**AVAILABLE RECORDS:**
lemma coding_radius_le_iff:
  fixes p :: "'a pmf" and \<phi> :: "(('d \<Rightarrow> int) \<Rightarrow> 'a) \<Rightarrow> (('d \<Rightarrow> int) \<Rightarrow> 'b)"
  shows "coding_radius p \<phi> x \<le> enat n \<longleftrightarrow> forces p \<phi> n (restrict x (box n)) (\<phi> x (\<lambda>_. 0))"
proof -
  define Q where "Q m \<longleftrightarrow> (AE a in bshift p. (\<forall>v. (\<forall>i. enat (nat \<bar>v i\<bar>) \<le> m) \<longrightarrow> a v = x v)
      \<longrightarrow> \<phi> a (\<lambda>_. 0) = \<phi> x (\<lambda>_. 0))" for m
  have "Q \<infinity>"
    by (auto simp: Q_def fun_eq_iff[symmetric])
  moreover have "Q m'" if "Q m" "m \<le> m'" for m m'
    using that(1) unfolding Q_def by (elim eventually_mono) (use that(2) order_trans in blast)
  moreover have "Q (enat n) \<longleftrightarrow> forces p \<phi> n (restrict x (box n)) (\<phi> x (\<lambda>_. 0))"
  proof -
    have "(\<forall>v. (\<forall>i. enat (nat \<bar>v i\<bar>) \<le> enat n) \<longrightarrow> a v = x v) \<longleftrightarrow> restrict a (box n) = restrict x (box n)"
      for a :: "('d \<Rightarrow> int) \<Rightarrow> 'a"
      by (auto simp: box_def fun_eq_iff nat_le_iff)
    then show ?thesis by (simp add: Q_def forces_def)
  qed
  ultimately show ?thesis
    unfolding coding_radius_def Q_def[symmetric] by (simp add: Least_le_iff_upward_closed)
qed

lemma measurable_site_value:
  assumes "\<phi> \<in> bshift p \<rightarrow>\<^sub>M bshift q"
  shows "(\<lambda>x. \<phi> x u) \<in> bshift p \<rightarrow>\<^sub>M count_space UNIV"
proof -
  have "(\<lambda>x. \<phi> x u) \<in> bshift p \<rightarrow>\<^sub>M measure_pmf q"
    using measurable_compose[OF assms[unfolded bshift_def] measurable_component_singleton[OF UNIV_I]]
    by (simp add: bshift_def)
  then show ?thesis by (simp add: measurable_cong_sets)
qed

**EXERCISE OBJECTIVE:**
All of the data above should be set down word for word.

**REPLY TO THE EXERCISE:**
lemma coding_radius_le_iff:
  fixes p :: "'a pmf" and \<phi> :: "(('d \<Rightarrow> int) \<Rightarrow> 'a) \<Rightarrow> (('d \<Rightarrow> int) \<Rightarrow> 'b)"
  shows "coding_radius p \<phi> x \<le> enat n \<longleftrightarrow> forces p \<phi> n (restrict x (box n)) (\<phi> x (\<lambda>_. 0))"
proof -
  define Q where "Q m \<longleftrightarrow> (AE a in bshift p. (\<forall>v. (\<forall>i. enat (nat \<bar>v i\<bar>) \<le> m) \<longrightarrow> a v = x v)
      \<longrightarrow> \<phi> a (\<lambda>_. 0) = \<phi> x (\<lambda>_. 0))" for m
  have "Q \<infinity>"
    by (auto simp: Q_def fun_eq_iff[symmetric])
  moreover have "Q m'" if "Q m" "m \<le> m'" for m m'
    using that(1) unfolding Q_def by (elim eventually_mono) (use that(2) order_trans in blast)
  moreover have "Q (enat n) \<longleftrightarrow> forces p \<phi> n (restrict x (box n)) (\<phi> x (\<lambda>_. 0))"
  proof -
    have "(\<forall>v. (\<forall>i. enat (nat \<bar>v i\<bar>) \<le> enat n) \<longrightarrow> a v = x v) \<longleftrightarrow> restrict a (box n) = restrict x (box n)"
      for a :: "('d \<Rightarrow> int) \<Rightarrow> 'a"
      by (auto simp: box_def fun_eq_iff nat_le_iff)
    then show ?thesis by (simp add: Q_def forces_def)
  qed
  ultimately show ?thesis
    unfolding coding_radius_def Q_def[symmetric] by (simp add: Least_le_iff_upward_closed)
qed

lemma measurable_site_value:
  assumes "\<phi> \<in> bshift p \<rightarrow>\<^sub>M bshift q"
  shows "(\<lambda>x. \<phi> x u) \<in> bshift p \<rightarrow>\<^sub>M count_space UNIV"
proof -
  have "(\<lambda>x. \<phi> x u) \<in> bshift p \<rightarrow>\<^sub>M measure_pmf q"
    using measurable_compose[OF assms[unfolded bshift_def] measurable_component_singleton[OF UNIV_I]]
    by (simp add: bshift_def)
  then show ?thesis by (simp add: measurable_cong_sets)
qed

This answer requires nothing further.